After each game, write down:

  • Which proxy cards felt great.

  • Which ones were dead in hand.

  • Whether you fixed your actual problem (mana, speed, draw, interaction).

  • Whether the deck became more fun, or just more expensive on paper.

The “earned its slot” checklist

A card earns its slot if most of these are true:

  • You cast it on time without contorting your mana.

  • It mattered in more than one game.

  • It improved consistency, not just ceiling.

  • You wanted to draw it again next game.

If it did not earn its slot, it goes back to the maybe pile. You just saved money. Enjoy the rare feeling.

“Try before you buy” shopping, without the regret

Once you finish your proxy test, split your 10 upgrades into three groups:

  • Buy now: cards that were immediate, obvious improvements.

  • Buy later: cards that were fine, but not essential.

  • Do not buy: cards you thought you wanted, but did not.

This is the part where you actually upgrade a precon on a budget, because you stopped spending on vibes and started spending on results.

Where PrintMTG fits in (the practical part)

Testing is easiest when your proxies look clean, shuffle well, and do not feel like a stack of paper rectangles with dreams. PrintMTG is a solid option if you want to:

  • print the exact 10 upgrade cards you want to test,

  • keep everything consistent in sleeves,

  • iterate quickly without buying cards that might get cut next week.

Use proxies to find what works.
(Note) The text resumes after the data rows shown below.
lemma upper_left_script_effective:
  assumes "(l, k - l + 1) \<in> F"
  shows "effective F (\<lambda>w. D w - laplacian F upper_left_script w)"
  unfolding effective_def
proof
  fix w assume w: "w \<in> F"
  show "0 \<le> D w - laplacian F upper_left_script w"
  proof (cases "snd w = 1")
    case True
    have "laplacian F upper_left_script w \<le> 0"
    proof (cases "fst w \<le> l")
      case True
      then show ?thesis
        using laplacian_upper_left_script_left[OF assms, of "fst w"] w \<open>snd w = 1\<close>
        by (metis prod.collapse)
    next
      case False
      have "\<forall>u\<in>rook_nbrs F w. upper_left_script w \<le> upper_left_script u"
        using False \<open>snd w = 1\<close> w by (simp add: upper_left_script_def upper_script_def)
      then show ?thesis by (rule laplacian_nonpos)
    qed
    then show ?thesis using D_eq[OF w] by simp
  next
    case False
    have "\<forall>u\<in>rook_nbrs F w - {(fst w, 1)}. upper_left_script w \<le> upper_left_script u"
    proof
      fix u assume u: "u \<in> rook_nbrs F w - {(fst w, 1)}"
      then have "u \<in> F" "snd u \<noteq> 1"
        using rook_nbr_in_row1[of u F w] False by (auto simp: rook_nbrs_iff)
      then show "upper_left_script w \<le> upper_left_script u"
        using upper_left_script_eq[of u] upper_left_script_eq[OF w] False by simp
    qed
    then have "laplacian F upper_left_script w
        \<le> upper_left_script w - upper_left_script (fst w, 1)"
      using finite_F base_cell_rook_nbr[OF w False] by (rule laplacian_le_single[rotated 2])
    then show ?thesis
      using D_eq[OF w] False fst_le_l[OF w False] upper_left_script_eq[OF w]
        upper_left_script_eq[OF base_cell[OF w]]
      by simp
  qed
qed

lemma upper_left_script_positive:
  assumes "(x, 1) \<in> F" "l < x"
  shows "0 < D (x, 1) - laplacian F upper_left_script (x, 1)"
proof -
  have c11: "(1, 1) \<in> rook_nbrs F (x, 1)"
    using assms l_pos row1_iff by (simp add: rook_nbrs_iff)
  have "\<forall>u\<in>rook_nbrs F (x, 1) - {(1, 1)}. upper_left_script (x, 1) \<le> upper_left_script u"
    using assms by (simp add: upper_left_script_def upper_script_def)
  then have "laplacian F upper_left_script (x, 1)
      \<le> upper_left_script (x, 1) - upper_left_script (1, 1)"
    using finite_F c11 by (rule laplacian_le_single[rotated 2])
  then show ?thesis
    using assms l_pos c11 by (simp add: upper_left_script_def upper_script_def rook_nbrs_iff Dxy_def)
qed

lemma positive_rank_if:
  assumes "(l, k - l + 1) \<in> F"
  shows "positive_rank F D"
  unfolding positive_rank_def
proof
  fix v assume v: "v \<in> F"
  consider "snd v \<noteq> 1" | "snd v = 1" "fst v \<le> l" | "snd v = 1" "l < fst v"
    by linarith
  then show "\<exists>D'\<in>linsys F D. 0 < D' v"
  proof cases
    case 1
    have "D \<in> linsys F D" by (simp add: linsys_def div_equiv_def effective_def Dxy_def)
    then show ?thesis using 1 D_eq[OF v] by force
  next
    case 2
    let ?D' = "\<lambda>w. D w - laplacian F upper_script w"
    have "?D' \<in> linsys F D"
      by (rule sub_laplacian_in_linsys[OF finite_F _ _ upper_script_effective])
        (simp_all add: upper_script_def)
    moreover have "0 < ?D' v"
      using upper_script_positive[of "fst v"] ferrers_cellD(1)[OF ferrers, of "fst v" "snd v"] v 2
      by (metis prod.collapse)
    ultimately show ?thesis by (intro bexI[where x = ?D']) simp_all
  next
    case 3
    let ?D' = "\<lambda>w. D w - laplacian F upper_left_script w"
    have "?D' \<in> linsys F D"
      by (rule sub_laplacian_in_linsys[OF finite_F _ _ upper_left_script_effective[OF assms]])
        (simp_all add: upper_left_script_def upper_script_def)
    moreover have "0 < ?D' v"
      using upper_left_script_positive[of "fst v"] v 3 by (metis prod.collapse)
    ultimately show ?thesis by (intro bexI[where x = ?D']) simp_all
  qed
qed

section \<open>The corner cell of row 1\<close>

definition base_row_script :: "cell \<Rightarrow> int" where
  "base_row_script w = of_bool (snd w = 1)"

definition column_divisor :: divisor where
  "column_divisor w = (if snd w = 1 then int (col_length F (fst w)) - 1 else 0)"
Then buy the real copies if you want, when it makes sense, and when your budget agrees to stop screaming.

FAQs

How many proxies should I use when upgrading a precon?

For this method, keep it to 10 proxies, because that is the whole point. If you proxy 40 cards, you did not upgrade a precon. You replaced it and kept the box out of guilt.

Are proxies allowed at my LGS Commander night?

Sometimes yes, sometimes no, sometimes “yes but do not be shady about it.” Ask the store and give your table a heads-up. Assume sanctioned events require real cards.

How long should I test proxy upgrades before buying?

Usually 3 to 6 games is enough to spot what is actually helping. If you are still unsure after that, the card probably belongs in the “buy later” pile.

What is the best first upgrade for most precons?

Not a flashy mythic. It is usually mana consistency, plus a bit more efficient ramp and draw. Boring upgrades win more games than “one big finisher I never cast.”

Is it rude to proxy expensive staples forever?

In most casual groups, people care more about clarity and consent than whether you paid retail. Tell the table, keep proxies readable, and do not pretend they are real at sanctioned events.